Brainome, a new player in the machine learning space, is today launching Daimensions, a product which the company says helps customers take a "measure before build" approach to machine learning (ML) model development. The product, aimed at data scientists, helps optimize around training data analysis, data volume management and their downstream effect on training time, model size and performance.
ZDNet spoke with Brainome's co-founders, Bertrand Irissou (CEO) and Gerald Friedland (CTO). The two provided a careful, thoughtful and thorough explanation of how the company's approach to ML differs from others.
From trial-and error to measure-before-build
Brainome's take on ML is that much of the common model experimentation process can be optimized. Trial-and-error can be largely avoided by specifying the model's qualities and then building it, rather than following the standard experimentation approach of building several candidate models, then seeing which performs best. The company calls this a measure-before-build approach and analogizes it to the way bridges are built. Specifically, Irissou and Friedland say, civil engineers would never take an approach of building 100 bridges and then picking the best one. Instead, they measure and develop a spec for the bridge, and only then design and build it.
Brainome defines what are essentially key performance indicators (KPIs) for a model as a way to arrive at such a spec in the ML world. The KPIs are generalization, capacity progression, risk of overfit and memory equivalent capacity. Together these KPIs can profile the complexity of the training data, and the number of parameters needed to model its patterns.
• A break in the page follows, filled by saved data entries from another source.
(* Let $\Pi$ be a finite, satisfiable set of linear constraints over $x_1,\dots,x_D$, let $\mathrm{CL}$ be the constraint layer built from $\Pi$ and the ordering $x_1,\dots,x_D$, and let $\mathrm{CL}^{\ge}$ be the constraint layer built from $\Pi^{\ge}$ and the same ordering. Let $\tilde x\in\mathbb{R}^D$. Then: (1) if $\mathrm{CL}(\tilde x)=\mathrm{CL}^{\ge}(\tilde x)$, then $\mathrm{CL}(\tilde x)$ is optimal with respect to $\Pi$; (2) otherwise, $\mathrm{CL}(\tilde x)$ tends to $\mathrm{CL}^{\ge}(\tilde x)$ as the $\epsilon$ values used to compute $\mathrm{CL}(\tilde x)$ tend to $0$ (i.e., regarding $\mathrm{CL}(\tilde x)$, with all other aspects of the computation fixed, as a function of the $\epsilon$ values $\epsilon_1,\dots,\epsilon_k$, one has $\lim_{(\epsilon_1,\dots,\epsilon_k)\to 0}\mathrm{CL}(\tilde x)=\mathrm{CL}^{\ge}(\tilde x)$).
   Context: A constraint is a linear inequality $\phi:\ \sum_{k=1}^D w_k x_k + b \unrhd 0$ with $w_k,b\in\mathbb{R}$ and $\unrhd\in\{\ge,>\}$; it is strict if $\unrhd$ is $>$. A point $\tilde x\in\mathbb{R}^D$ satisfies $\phi$ if $\sum_k w_k\tilde x_k+b\unrhd 0$, and satisfies a set $\Pi$ if it satisfies every member; $\Pi$ is satisfiable if some point satisfies it. $\Pi^{\ge}$ denotes the set obtained from $\Pi$ by replacing each strict constraint $\sum_kw_kx_k+b>0$ by $\sum_kw_kx_k+b\ge0$. Variable $x_j$ appears positively (resp. negatively) in $\phi$ if $w_j>0$ (resp. $w_j<0$). For a set $\Gamma$ of constraints, $\Gamma^+_j$ (resp. $\Gamma^-_j$) is the subset in which $x_j$ appears positively (resp. negatively). Reduction: for $\phi^1=\sum_k w^1_kx_k+b^1\unrhd^1 0\in\Gamma^-_j$ and $\phi^2=\sum_k w^2_kx_k+b^2\unrhd^2 0\in\Gamma^+_j$, $red_j(\phi^1,\phi^2)$ is $\sum_{k\ne j}(w^1_k|w^2_j|+w^2_k|w^1_j|)x_k + b^1|w^2_j|+b^2|w^1_j| \unrhd 0$, where $\unrhd$ is $\ge$ if both $\unrhd^1,\unrhd^2$ are $\ge$, and $>$ otherwise. Sets $\Pi_i$ (for a constraint set $\Pi$): $\Pi_D=\Pi$, and for $i<D$, with $j=i+1$, $\Pi_i=(\Pi_j\setminus(\Pi^-_j\cup\Pi^+_j))\cup\{red_j(\phi^1,\phi^2):\phi^1\in\Pi^-_j,\phi^2\in\Pi^+_j\}$, where $\Pi^\pm_j$ means $(\Pi_j)^\pm_j$. (Thus only $x_1,\dots,x_i$ occur in $\Pi_i$; we write $\Pi_i^\pm$ for $(\Pi_i)^\pm_i$.) For $\phi=\sum_kw_kx_k+b\unrhd0$ with $w_i\neq0$, let $\varepsilon^\phi_i=-\sum_{k\ne i}(w_k/w_i)x_k-b/w_i$; for $\phi\in\Pi_i$ it depends only on $x_1,\dots,x_{i-1}$. Constraint layer built from $\Pi$: given $\tilde x\in\mathbb{R}^D$, $\mathrm{CL}(\tilde x)\in\mathbb{R}^D$ is computed coordinatewise for $i=1,\dots,D$. Let $\varepsilon^\phi_i(\mathrm{CL}(\tilde x))$ denote $\varepsilon^\phi_i$ evaluated at the already computed values $\mathrm{CL}(\tilde x)_1,\dots,\mathrm{CL}(\tilde x)_{i-1}$, and set $ub_i=\min\{\varepsilon^\phi_i(\mathrm{CL}(\tilde x)):\phi\in\Pi_i^-\}$, $lb_i=\max\{\varepsilon^\phi_i(\mathrm{CL}(\tilde x)):\phi\in\Pi_i^+\}$ (with $\min\emptyset=+\infty$, $\max\emptyset=-\infty$). Then $\mathrm{CL}(\tilde x)_i=\min^i(\max^i(\tilde x_i,lb_i),ub_i)$, where $\max^i(a,lb_i)$ equals $v=\max(a,lb_i)$ unless some strict $\phi\in\Pi_i^+$ has $v=\varepsilon^\phi_i(\mathrm{CL}(\tilde x))$, in which case it equals $v+\epsilon$ for a chosen $\epsilon>0$ small enough that $lb_i+\epsilon< ub_i$; symmetrically $\min^i(a,ub_i)$ equals $u=\min(a,ub_i)$ unless some strict $\phi\in\Pi_i^-$ has $u=\varepsilon^\phi_i(\mathrm{CL}(\tilde x))$, in which case it equals $u-\epsilon$ for a chosen $\epsilon>0$ small enough that $ub_i-\epsilon>lb_i$. The chosen positive numbers are the $\epsilon$ values used to compute $\mathrm{CL}(\tilde x)$. Since $\Pi^{\ge}$ has no strict constraints, $\mathrm{CL}^{\ge}$ uses no $\epsilon$ values: $\mathrm{CL}^{\ge}(\tilde x)_i=\min(\max(\tilde x_i,lb_i),ub_i)$ with bounds computed from $\Pi^{\ge}$. Optimality: for a set of constraints $\Gamma$ and $\tilde x\in\mathbb{R}^D$, a point $y\in\mathbb{R}^D$ is optimal (for $\tilde x$) with respect to $\Gamma$ if $y$ satisfies $\Gamma$ and there is no $\tilde x'\neq y$ satisfying $\Gamma$ with $|\tilde x'_i-\tilde x_i|\le|y_i-\tilde x_i|$ for all $i=1,\dots,D$. *)

theory Defs
  imports Complex_Main "HOL-Library.Extended_Real"
begin

text \<open>Vectors in R^D are functions nat => real, with the coordinates 1..D relevant.\<close>

datatype constr = Constr (wt: "nat \<Rightarrow> real") (bias: real) (strict: bool)

definition lhs :: "nat \<Rightarrow> constr \<Rightarrow> (nat \<Rightarrow> real) \<Rightarrow> real" where
  "lhs D c x = (\<Sum>k=1..D. wt c k * x k) + bias c"

definition sat :: "nat \<Rightarrow> constr \<Rightarrow> (nat \<Rightarrow> real) \<Rightarrow> bool" where
  "sat D c x = (if strict c then lhs D c x > 0 else lhs D c x \<ge> 0)"

definition sat_set :: "nat \<Rightarrow> constr set \<Rightarrow> (nat \<Rightarrow> real) \<Rightarrow> bool" where
  "sat_set D \<Gamma> x = (\<forall>c\<in>\<Gamma>. sat D c x)"

definition satisfiable :: "nat \<Rightarrow> constr set \<Rightarrow> bool" where
  "satisfiable D \<Gamma> = (\<exists>x. sat_set D \<Gamma> x)"

definition geq_set :: "constr set \<Rightarrow> constr set" where
  "geq_set \<Gamma> = (\<lambda>c. Constr (wt c) (bias c) False) ` \<Gamma>"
Fewer parameters allow the model to be based more on rules than on memorized facts, which avoids overfitting of data; it also means less data is needed to generate an accurate model, which can lead to faster training times.
Another part of Daimensions credo is that maximizing mathematical accuracy of a model -- and incurring the cost of all the compute resources that requires -- can easily cross a point of diminishing returns. Instead, model features should be ranked in importance prior to training. That prioritization helps simplify training and reduce model size. Meanwhile, understanding of the data's complexity and optimizing the size of the training data set helps shorten training. As a result Brainome says it's seen reductions in training times and model size (each in orders-of-magnitude) when building models on standard OpenML data sets.
Compact models, compact company
Daimensions models are produced using Brainome's Table Compiler (BTC) technology. The output is a single executable Python script that includes the data prep code and the model function itself. Because the models are shipped as code, they can be integrated into standard CI/CD (continuous integration/continuous delivery) pipelines. The company says this allows customers' DevOps practices and infrastructure to serve as the deployment component of MLOps as well. It also says the small models can avoid the need for, and expense of, GPUs (graphical processing units) and can even be deployed to small edge devices or as cloud microsoervices.
Brainome is a one year-old company with 11 employees, that has so far received about $1.5M in angel funding. Though small, its industry horizontal approach means it has been able to run pilot projects with organizations in HealthTech, FinTech, AdTech and genomics research. Hopefully, the company will have real impact on moving data science work away from the guesswork-laden processes that have defined it to date. Given the efficiencies and, indeed, intelligence that machine learning models are designed to engender, it's good to see both attributes applied directly to creating those models as well.